Once the decision to go to war had been made, a turning point was reached in popular impressions of China. The story that the impossible Chinese had driven the British to violence had to be maintained, overriding all empirical evidence to the contrary. Passing judgement in 1841, the sixth President of the United States, John Quincy Adams, blamed the eruption of hostilities on ‘the kowtow – the arrogant and insupportable pretensions of China, that she will hold commercial interc
ourse with the rest of mankind not upon terms of equal reciprocity, but upon the insulting and degrading forms of the relations between lord and vassal’.8 The euphoria of victory further reinforced Britain’s view of its own correctness.
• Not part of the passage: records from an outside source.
lemma is_LU_entry:
  assumes LU: "is_LU n A L U" and i: "i \<in> {1..n}" and j: "j \<in> {1..n}"
  shows "A i j = (\<Sum>m\<in>{1..<min i j}. L i m * U m j) + L i (min i j) * U (min i j) j"
proof -
  have "A i j = (\<Sum>m=1..n. L i m * U m j)"
    using LU i j by (simp add: is_LU_def mat_prod_def)
  also have "\<dots> = (\<Sum>m=1..min i j. L i m * U m j)"
  proof (rule sum.mono_neutral_right)
    show "\<forall>m\<in>{1..n} - {1..min i j}. L i m * U m j = 0"
      using is_LU_triangular(1,3)[OF LU] i j by (metis Diff_iff atLeastAtMost_iff min_def
          mult_eq_0_iff not_le_imp_less)
  qed (use i j in auto)
  also have "{1..min i j} = insert (min i j) {1..<min i j}" using i j by auto
  finally show ?thesis by (simp add: add.commute)
qed

lemma is_LU_first_column:
  assumes LU: "is_LU n A L U" and i: "i \<in> {1..n}"
  shows "A i 1 = L i 1 * A 1 1"
proof -
  have one: "1 \<in> {1..n}" using i by simp
  have "min i 1 = 1" using i by simp
  then have "A i 1 = L i 1 * U 1 1" and "A 1 1 = L 1 1 * U 1 1"
    using is_LU_entry[OF LU i one] is_LU_entry[OF LU one one] by simp_all
  with is_LU_triangular(2)[OF LU one one] show ?thesis by simp
qed

lemma unit_lower_tri_leading_block:
  "unit_lower_tri n L \<Longrightarrow> k \<le> n \<Longrightarrow> unit_lower_tri k L"
  unfolding unit_lower_tri_def by (meson atLeastAtMost_iff order.trans)

lemma upper_tri_leading_block:
  "upper_tri n U \<Longrightarrow> k \<le> n \<Longrightarrow> upper_tri k U"
  unfolding upper_tri_def by (meson atLeastAtMost_iff order.trans)

lemma is_LU_leading_block:
  assumes LU: "is_LU n A L U" and "k \<le> n"
  shows "is_LU k A L U"
  unfolding is_LU_def
proof (intro conjI ballI)
  show "unit_lower_tri k L" and "upper_tri k U"
    using LU \<open>k \<le> n\<close> unit_lower_tri_leading_block upper_tri_leading_block
    by (auto simp: is_LU_def)
  fix i j assume i: "i \<in> {1..k}" and j: "j \<in> {1..k}"
  have "A i j = (\<Sum>m=1..n. L i m * U m j)"
    using LU i j \<open>k \<le> n\<close> by (simp add: is_LU_def mat_prod_def)
  also have "\<dots> = (\<Sum>m=1..k. L i m * U m j)"
    using LU i \<open>k \<le> n\<close>
    by (intro sum.mono_neutral_right) (auto simp: is_LU_def unit_lower_tri_def)
  finally show "A i j = mat_prod k L U i j" by (simp add: mat_prod_def)
qed

lemma unit_lower_tri_left_solvable:
  assumes "unit_lower_tri n L"
  shows "\<exists>w. \<forall>j\<in>{1..n}. (\<Sum>m=1..n. w m * L m j) = b j"
  using assms
proof (induction n arbitrary: b)
  case 0
  then show ?case by simp
next
  case (Suc n)
  then have "unit_lower_tri n L" by (simp add: unit_lower_tri_leading_block)
  with Suc.IH[of "\<lambda>j. b j - b (Suc n) * L (Suc n) j"] obtain w
    where w: "\<forall>j\<in>{1..n}. (\<Sum>m=1..n. w m * L m j) = b j - b (Suc n) * L (Suc n) j"
    by blast
  define w' where "w' = w(Suc n := b (Suc n))"
  have extend: "(\<Sum>m=1..Suc n. w' m * L m j)
      = (\<Sum>m=1..n. w m * L m j) + b (Suc n) * L (Suc n) j" for j
  proof -
    have "(\<Sum>m=1..n. w' m * L m j) = (\<Sum>m=1..n. w m * L m j)"
      unfolding w'_def by (intro sum.cong) auto
    then show ?thesis by (simp add: w'_def)
  qed
  have "(\<Sum>m=1..Suc n. w' m * L m j) = b j" if j: "j \<in> {1..Suc n}" for j
  proof (cases "j = Suc n")
    case True
    have "(\<Sum>m=1..n. w m * L m j) = 0"
      using Suc.prems True by (intro sum.neutral) (auto simp: unit_lower_tri_def)
    moreover have "L (Suc n) (Suc n) = 1"
      using Suc.prems by (force simp: unit_lower_tri_def)
    ultimately show ?thesis using True by (subst extend) simp
  next
    case False
    then show ?thesis using extend w j by simp
  qed
  then show ?case by blast
qed

text \<open>If \<open>U n n = 0\<close>, the vector \<open>w\<close> with \<open>w\<^sup>T L = e\<^sub>n\<^sup>T\<close> satisfies
  \<open>w\<^sup>T A w = (U w)\<^sub>n = U n n * w n = 0\<close>.\<close>

lemma is_LU_last_diag_nonzero:
  assumes A: "pos_def n A" and LU: "is_LU n A L U" and "1 \<le> n"
  shows "U n n \<noteq> 0"
proof
  assume Unn: "U n n = 0"
  have n: "n \<in> {1..n}" using \<open>1 \<le> n\<close> by simp
  have "unit_lower_tri n L" using LU by (simp add: is_LU_def)
  then obtain w where w: "\<forall>j\<in>{1..n}. (\<Sum>m=1..n. w m * L m j) = (if j = n then 1 else 0)"
    using unit_lower_tri_left_solvable[of n L "\<lambda>j. if j = n then 1 else 0"] by blast
  have row: "(\<Sum>i=1..n. w i * A i j) = U n j" if j: "j \<in> {1..n}" for j
  proof -
    have "(\<Sum>i=1..n. w i * A i j) = (\<Sum>i=1..n. \<Sum>m=1..n. w i * L i m * U m j)"
      using LU j by (simp add: is_LU_def mat_prod_def sum_distrib_left mult_ac)
    also have "\<dots> = (\<Sum>m=1..n. (\<Sum>i=1..n. w i * L i m) * U m j)"
      by (subst sum.swap) (simp add: sum_distrib_right)
    also have "\<dots> = (\<Sum>m=1..n. if m = n then U m j else 0)"
      using w by (intro sum.cong) auto
    finally show ?thesis using n by simp
  qed
  have "quad_form n A w = (\<Sum>j=1..n. (\<Sum>i=1..n. w i * A i j) * w j)"
    unfolding quad_form_def by (subst sum.swap) (simp add: sum_distrib_right)
  also have "\<dots> = (\<Sum>j=1..n. U n j * w j)"
    using row by simp
  also have "\<dots> = 0"
    using is_LU_triangular(3)[OF LU n] Unn
    by (intro sum.neutral) (metis atLeastAtMost_iff le_neq_implies_less mult_eq_0_iff)
  finally have "quad_form n A w = 0" .
  moreover have "\<exists>m\<in>{1..n}. w m \<noteq> 0"
    using w n by (metis (no_types, lifting) mult_zero_left sum.neutral zero_neq_one)
  ultimately show False using A unfolding pos_def_def by (metis less_irrefl)
qed

lemma is_LU_pos_def_diag_nonzero:
  assumes "pos_def n A" and "is_LU n A L U" and "k \<in> {1..n}"
  shows "U k k \<noteq> 0"
  using assms is_LU_last_diag_nonzero[OF pos_def_leading_block is_LU_leading_block] by simp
How, if Qing China had not taken the losing side of History, could it have been so soundly thrashed by the forces of Progress and Free Trade?9
China’s rulers, it should be noted, would probably not have recognized themselves in the stereotype that Britain’s war party had devised; nor would many of those on the fringes of the empire (who had first-hand experience of the Qing’s voracious interest in the world at its borders) have seen much resemblance.10 Perhaps even British detractors would have changed their minds, if they had taken the trouble to look at a map, or study a little history. Far from a community turned in on itself, Qing China was a vast, multi-ethnic jigsaw of lands and peoples. British opinion- and policy-makers of the 1830s made the mistake of – or deliberately deceived themselves into – simplifying the territory they called China into a complacent unity: an obstinate duelling partner from whom satisfaction must be extracted. It was nothing of the sort. This was an empire that could not even agree upon a single word for itself – changing shape and name according to whichever dynastic house happened to have acquired it – until discipline-conscious nationalists took matters into their own hands at the start of the twentieth century and settled on Zhongguo (literally, the ‘Middle Kingdom’, an ancient term for the individual state occupying the centre of what is now China).